#### [Task prompt]
Report every line of the records below that includes the string "with".

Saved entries

(* Let $E\subset\mathbb{T}$ be a Lebesgue measurable set and $n\ge1$ an integer. Then for every $\alpha\in[-\pi,\pi]$, $$\Lambda_n(E)\ge\frac{1}{2\pi}\int_{-\pi}^{\pi}\chi_E(e^{it})\,F_n(t-\alpha)\,dt,$$ where $F_n(x)=\dfrac{\sin^2(nx/2)}{n\sin^2(x/2)}$ is the Fejér kernel.
   Context: $\mathbb{T}$ is the unit circle and $\chi_E$ the characteristic function of $E$. $H^1$ is the Hardy space on the unit disk with norm $\|F\|_1=\frac{1}{2\pi}\int_{-\pi}^{\pi}|F(e^{it})|\,dt$, and $b(H^1)$ is its closed unit ball. For $n\in\mathbb{Z}$, $$\Lambda_n(E)=\sup_{F\in b(H^1)}\left|\frac{1}{2\pi i}\int_E F(\zeta)\,\overline{\zeta}^{\,n}\,d\zeta\right|.$$ *)

theory Defs
  imports "HOL-Analysis.Analysis"
begin

definition hardy1 :: "(complex \<Rightarrow> complex) set" where
  "hardy1 = {F. F holomorphic_on ball 0 1 \<and>
     (\<exists>B. \<forall>r\<in>{0..<1::real}.
        (1 / (2*pi)) * (LINT t:{-pi..pi}|lebesgue. cmod (F (complex_of_real r * cis t))) \<le> B)}"

text \<open>Boundary values F(e^{it}): radial limit (exists a.e. for F in H^1).\<close>
definition bdry :: "(complex \<Rightarrow> complex) \<Rightarrow> real \<Rightarrow> complex" where
  "bdry F t = Lim (at_left (1::real)) (\<lambda>r. F (complex_of_real r * cis t))"

definition hardy1_norm :: "(complex \<Rightarrow> complex) \<Rightarrow> real" where
  "hardy1_norm F = (1 / (2*pi)) * (LINT t:{-pi..pi}|lebesgue. cmod (bdry F t))"

text \<open>Lambda_n(E) = sup over the unit ball of H^1 of
  |(1/(2 pi i)) \<integral>_E F(\<zeta>) conj(\<zeta>)^n d\<zeta>|, with \<zeta> = e^{it}, d\<zeta> = i e^{it} dt.\<close>
definition Lambda :: "int \<Rightarrow> complex set \<Rightarrow> real" where
  "Lambda n E = Sup {cmod ((1 / (2 * complex_of_real pi * \<i>)) *
       (LINT t:{-pi..pi}|lebesgue.
          indicator E (cis t) * bdry F t * (cnj (cis t)) powi n * (\<i> * cis t))) |
     F. F \<in> hardy1 \<and> hardy1_norm F \<le> 1}"

text \<open>Fejer kernel (the removable singularities at x \<in> 2 pi Z are a null set).\<close>
definition fejer :: "nat \<Rightarrow> real \<Rightarrow> real" where
  "fejer n x = (sin (real n * x / 2))\<^sup>2 / (real n * (sin (x / 2))\<^sup>2)"

end

theory Submission
  imports Defs
begin

text \<open>The polynomial
  \<open>P(z) = (1/n) (\<Sum>k<n. (e^(-i\<alpha>) z)^k) (\<Sum>k<n. e^(ik\<alpha>) z^(n-1-k))\<close>
  has boundary values \<open>K_n(t - \<alpha>) e^(i(n-1)t)\<close>, where \<open>K_n(x) = |\<Sum>k<n. e^(ikx)|^2 / n\<close> is the
  Fejer kernel. Hence \<open>\<parallel>P\<parallel>\<^sub>1 = 1\<close>, and testing \<open>\<Lambda>_n(E)\<close> against \<open>P\<close> gives exactly
  \<open>(1/2\<pi>) \<integral>_E K_n(t - \<alpha>) dt\<close>. The analytic work is the bound \<open>\<parallel>F\<parallel>\<^sub>1\<close> for every
  functional in the supremum, which keeps the supremum finite: it needs the boundary function
  of an \<open>H\<^sup>1\<close> function to be measurable and integrable, which follows from Fatou's lemma along
  the radii.\<close>

definition fejer_cis :: "nat \<Rightarrow> real \<Rightarrow> real" where
  "fejer_cis n x = (cmod (\<Sum>k<n. cis (real k * x)))\<^sup>2 / real n"

lemma norm_cis_minus_one_sq: "(cmod (cis x - 1))\<^sup>2 = 4 * (sin (x/2))\<^sup>2"
proof -
  have "(cmod (cis x - 1))\<^sup>2 = (cos x - 1)\<^sup>2 + (sin x)\<^sup>2"
    by (simp add: cmod_def)
  also have "\<dots> = 2 - 2 * cos x"
    by (simp add: power2_eq_square algebra_simps sin_squared_eq)
  also have "cos x = 1 - 2 * (sin (x/2))\<^sup>2"
    using cos_double_sin[of "x/2"] by simp
  finally show ?thesis by simp
qed

text \<open>The two kernels agree off the zeros of \<open>sin (x/2)\<close>, where \<open>fejer\<close> is \<open>0/0 = 0\<close>.\<close>
lemma fejer_le_fejer_cis: "fejer n x \<le> fejer_cis n x"
proof (cases "sin (x/2) = 0")
  case True
  then show ?thesis by (simp add: fejer_def fejer_cis_def)
next
  case False
  have "(\<Sum>k<n. cis (real k * x)) = (\<Sum>k<n. cis x ^ k)"
    by (simp add: Complex.DeMoivre)
  then have "cis (real n * x) - 1 = (cis x - 1) * (\<Sum>k<n. cis (real k * x))"
    using power_diff_1_eq[of "cis x" n] by (simp add: Complex.DeMoivre)
  then have "(cmod (cis (real n * x) - 1))\<^sup>2 = (cmod (cis x - 1))\<^sup>2 * (cmod (\<Sum>k<n. cis (real k * x)))\<^sup>2"
    by (simp add: norm_mult power_mult_distrib)
  then have "(cmod (\<Sum>k<n. cis (real k * x)))\<^sup>2 = (sin (real n * x / 2))\<^sup>2 / (sin (x/2))\<^sup>2"
    using False by (simp add: norm_cis_minus_one_sq field_simps)
  then show ?thesis
    by (simp add: fejer_def fejer_cis_def field_simps)
qed

lemma fejer_nonneg: "fejer n x \<ge> 0"
  by (simp add: fejer_def)

lemma fejer_cis_nonneg: "fejer_cis n x \<ge> 0"
  by (simp add: fejer_cis_def)

lemma continuous_on_fejer_cis: "continuous_on A (\<lambda>t. fejer_cis n (t - \<alpha>))"
  unfolding fejer_cis_def divide_inverse by (intro continuous_intros)

lemma fejer_cis_eq_cos_sum:
  "fejer_cis n x = (\<Sum>j<n. \<Sum>k<n. cos (real_of_int (int j - int k) * x)) / real n"
proof -
  define u where "u = (\<Sum>k<n. cis (real k * x))"
  have "u * cnj u = (\<Sum>j<n. \<Sum>k<n. cis (real_of_int (int j - int k) * x))"
    unfolding u_def by (simp add: cnj_sum cis_cnj sum_product cis_mult algebra_simps)
  then have "Re (u * cnj u) = (\<Sum>j<n. \<Sum>k<n. cos (real_of_int (int j - int k) * x))"
    by (simp add: Re_sum)
  moreover have "Re (u * cnj u) = (cmod u)\<^sup>2"
    by (simp add: complex_norm_square[symmetric])
  ultimately show ?thesis by (simp add: fejer_cis_def u_def)
qed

#### [Result of the task]
   Context: $\mathbb{T}$ is the unit circle and $\chi_E$ the characteristic function of $E$. $H^1$ is the Hardy space on the unit disk with norm $\|F\|_1=\frac{1}{2\pi}\int_{-\pi}^{\pi}|F(e^{it})|\,dt$, and $b(H^1)$ is its closed unit ball. For $n\in\mathbb{Z}$, $$\Lambda_n(E)=\sup_{F\in b(H^1)}\left|\frac{1}{2\pi i}\int_E F(\zeta)\,\overline{\zeta}^{\,n}\,d\zeta\right|.$$ *)
  |(1/(2 pi i)) \<integral>_E F(\<zeta>) conj(\<zeta>)^n d\<zeta>|, with \<zeta> = e^{it}, d\<zeta> = i e^{it} dt.\<close>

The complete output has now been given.